# RECORD EXTRACTS:
════════════════

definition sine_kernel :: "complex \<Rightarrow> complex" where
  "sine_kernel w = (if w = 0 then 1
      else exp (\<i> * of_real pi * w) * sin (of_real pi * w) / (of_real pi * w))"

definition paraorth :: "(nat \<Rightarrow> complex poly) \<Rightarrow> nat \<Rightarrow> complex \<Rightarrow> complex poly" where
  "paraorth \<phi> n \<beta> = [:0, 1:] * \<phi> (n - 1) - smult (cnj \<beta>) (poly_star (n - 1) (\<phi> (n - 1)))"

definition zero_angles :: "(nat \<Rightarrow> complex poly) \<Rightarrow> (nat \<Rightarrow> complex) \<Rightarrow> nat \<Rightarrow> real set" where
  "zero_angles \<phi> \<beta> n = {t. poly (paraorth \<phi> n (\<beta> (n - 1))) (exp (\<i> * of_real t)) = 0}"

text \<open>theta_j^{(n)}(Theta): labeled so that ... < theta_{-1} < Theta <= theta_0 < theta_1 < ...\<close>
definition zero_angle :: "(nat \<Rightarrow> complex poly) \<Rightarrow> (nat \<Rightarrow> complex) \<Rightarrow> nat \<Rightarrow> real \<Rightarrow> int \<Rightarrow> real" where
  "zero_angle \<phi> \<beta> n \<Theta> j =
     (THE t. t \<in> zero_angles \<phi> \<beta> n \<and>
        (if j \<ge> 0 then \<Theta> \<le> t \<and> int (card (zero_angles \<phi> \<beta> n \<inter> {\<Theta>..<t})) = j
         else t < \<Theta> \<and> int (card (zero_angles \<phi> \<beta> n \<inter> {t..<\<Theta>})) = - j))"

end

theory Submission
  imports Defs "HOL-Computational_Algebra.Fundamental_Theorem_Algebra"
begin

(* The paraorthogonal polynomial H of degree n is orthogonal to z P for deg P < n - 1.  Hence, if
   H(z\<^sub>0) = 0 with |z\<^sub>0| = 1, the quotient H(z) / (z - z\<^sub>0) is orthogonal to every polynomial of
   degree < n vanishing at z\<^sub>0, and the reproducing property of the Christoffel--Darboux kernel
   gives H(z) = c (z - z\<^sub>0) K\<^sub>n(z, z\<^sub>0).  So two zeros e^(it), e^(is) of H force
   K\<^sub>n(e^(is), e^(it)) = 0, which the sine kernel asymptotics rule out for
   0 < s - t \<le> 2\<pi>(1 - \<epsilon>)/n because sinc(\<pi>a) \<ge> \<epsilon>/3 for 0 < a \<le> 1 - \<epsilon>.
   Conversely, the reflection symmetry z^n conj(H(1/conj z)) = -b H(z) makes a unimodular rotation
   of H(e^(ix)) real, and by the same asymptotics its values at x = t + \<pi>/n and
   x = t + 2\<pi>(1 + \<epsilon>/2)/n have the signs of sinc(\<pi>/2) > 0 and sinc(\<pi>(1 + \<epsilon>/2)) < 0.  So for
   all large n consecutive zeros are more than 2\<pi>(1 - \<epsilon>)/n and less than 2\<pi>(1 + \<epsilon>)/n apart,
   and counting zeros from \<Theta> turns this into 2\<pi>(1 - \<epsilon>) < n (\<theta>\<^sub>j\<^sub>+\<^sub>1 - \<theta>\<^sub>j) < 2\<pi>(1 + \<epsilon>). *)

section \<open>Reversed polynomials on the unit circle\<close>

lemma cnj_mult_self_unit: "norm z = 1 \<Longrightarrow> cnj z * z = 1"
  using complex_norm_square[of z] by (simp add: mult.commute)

════════════════

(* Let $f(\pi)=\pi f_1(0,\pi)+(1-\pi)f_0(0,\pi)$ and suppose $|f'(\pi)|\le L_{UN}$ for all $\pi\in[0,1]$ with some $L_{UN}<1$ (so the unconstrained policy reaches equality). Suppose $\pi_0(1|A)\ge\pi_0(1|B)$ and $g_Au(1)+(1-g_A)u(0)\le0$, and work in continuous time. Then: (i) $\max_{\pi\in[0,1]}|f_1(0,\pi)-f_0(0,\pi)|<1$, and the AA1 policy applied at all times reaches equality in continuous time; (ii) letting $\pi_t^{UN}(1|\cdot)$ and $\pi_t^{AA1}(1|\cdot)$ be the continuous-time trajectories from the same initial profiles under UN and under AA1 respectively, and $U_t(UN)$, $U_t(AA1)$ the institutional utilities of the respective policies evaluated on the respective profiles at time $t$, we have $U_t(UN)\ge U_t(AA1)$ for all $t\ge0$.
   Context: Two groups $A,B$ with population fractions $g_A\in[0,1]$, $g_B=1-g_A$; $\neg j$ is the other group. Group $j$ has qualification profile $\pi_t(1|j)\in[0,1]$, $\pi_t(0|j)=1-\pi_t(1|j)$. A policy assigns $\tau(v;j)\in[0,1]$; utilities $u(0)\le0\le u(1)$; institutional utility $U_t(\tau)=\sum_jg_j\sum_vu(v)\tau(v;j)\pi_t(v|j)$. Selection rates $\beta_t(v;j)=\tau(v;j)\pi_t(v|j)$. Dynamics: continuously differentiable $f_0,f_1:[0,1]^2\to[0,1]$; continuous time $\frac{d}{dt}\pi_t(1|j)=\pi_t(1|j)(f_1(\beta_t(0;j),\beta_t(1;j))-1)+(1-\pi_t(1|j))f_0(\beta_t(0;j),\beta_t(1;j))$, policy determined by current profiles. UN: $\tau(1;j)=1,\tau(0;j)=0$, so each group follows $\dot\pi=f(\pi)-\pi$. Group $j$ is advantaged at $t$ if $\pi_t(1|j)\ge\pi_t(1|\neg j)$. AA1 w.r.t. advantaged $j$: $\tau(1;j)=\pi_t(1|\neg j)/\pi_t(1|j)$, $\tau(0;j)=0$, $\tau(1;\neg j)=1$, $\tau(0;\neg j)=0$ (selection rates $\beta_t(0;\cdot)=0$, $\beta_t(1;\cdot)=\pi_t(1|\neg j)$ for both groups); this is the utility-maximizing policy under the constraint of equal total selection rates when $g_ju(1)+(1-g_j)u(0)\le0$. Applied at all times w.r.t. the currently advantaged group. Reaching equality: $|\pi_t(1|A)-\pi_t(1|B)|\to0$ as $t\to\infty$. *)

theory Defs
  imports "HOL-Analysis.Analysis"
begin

════════════════

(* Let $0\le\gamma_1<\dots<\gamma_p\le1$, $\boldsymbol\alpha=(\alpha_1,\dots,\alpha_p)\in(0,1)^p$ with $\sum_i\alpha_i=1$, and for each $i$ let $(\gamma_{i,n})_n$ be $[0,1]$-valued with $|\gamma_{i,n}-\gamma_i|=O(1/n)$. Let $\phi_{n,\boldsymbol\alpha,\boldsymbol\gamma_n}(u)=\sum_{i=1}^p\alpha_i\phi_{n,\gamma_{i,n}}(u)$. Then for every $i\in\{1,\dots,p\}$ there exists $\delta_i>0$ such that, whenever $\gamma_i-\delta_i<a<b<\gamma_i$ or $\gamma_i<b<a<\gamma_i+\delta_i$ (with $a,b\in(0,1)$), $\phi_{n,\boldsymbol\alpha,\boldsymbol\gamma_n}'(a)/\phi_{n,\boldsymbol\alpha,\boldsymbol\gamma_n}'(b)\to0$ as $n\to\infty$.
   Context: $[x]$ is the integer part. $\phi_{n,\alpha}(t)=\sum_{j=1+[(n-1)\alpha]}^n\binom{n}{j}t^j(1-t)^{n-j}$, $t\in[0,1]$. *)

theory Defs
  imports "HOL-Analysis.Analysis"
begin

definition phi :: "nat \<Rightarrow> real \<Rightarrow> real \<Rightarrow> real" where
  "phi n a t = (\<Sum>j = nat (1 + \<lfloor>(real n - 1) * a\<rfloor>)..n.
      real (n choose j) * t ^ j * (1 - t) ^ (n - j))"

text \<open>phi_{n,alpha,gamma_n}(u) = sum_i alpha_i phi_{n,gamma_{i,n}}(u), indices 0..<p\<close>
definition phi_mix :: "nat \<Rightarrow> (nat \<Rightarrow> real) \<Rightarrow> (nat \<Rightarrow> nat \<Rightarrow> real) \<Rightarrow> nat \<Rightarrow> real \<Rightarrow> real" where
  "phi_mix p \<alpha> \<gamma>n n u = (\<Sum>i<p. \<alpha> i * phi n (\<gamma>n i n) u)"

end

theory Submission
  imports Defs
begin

════════════════

# WHAT YOU HAVE TO DO:
Return exactly the lines above from the line that has "else t < \<Theta>" through the line that has "degree < n vanishing", inclusive, and nothing else.

# ANSWER FOR THIS EXERCISE:
         else t < \<Theta> \<and> int (card (zero_angles \<phi> \<beta> n \<inter> {t..<\<Theta>})) = - j))"

end

theory Submission
  imports Defs "HOL-Computational_Algebra.Fundamental_Theorem_Algebra"
begin

(* The paraorthogonal polynomial H of degree n is orthogonal to z P for deg P < n - 1.  Hence, if
   H(z\<^sub>0) = 0 with |z\<^sub>0| = 1, the quotient H(z) / (z - z\<^sub>0) is orthogonal to every polynomial of
   degree < n vanishing at z\<^sub>0, and the reproducing property of the Christoffel--Darboux kernel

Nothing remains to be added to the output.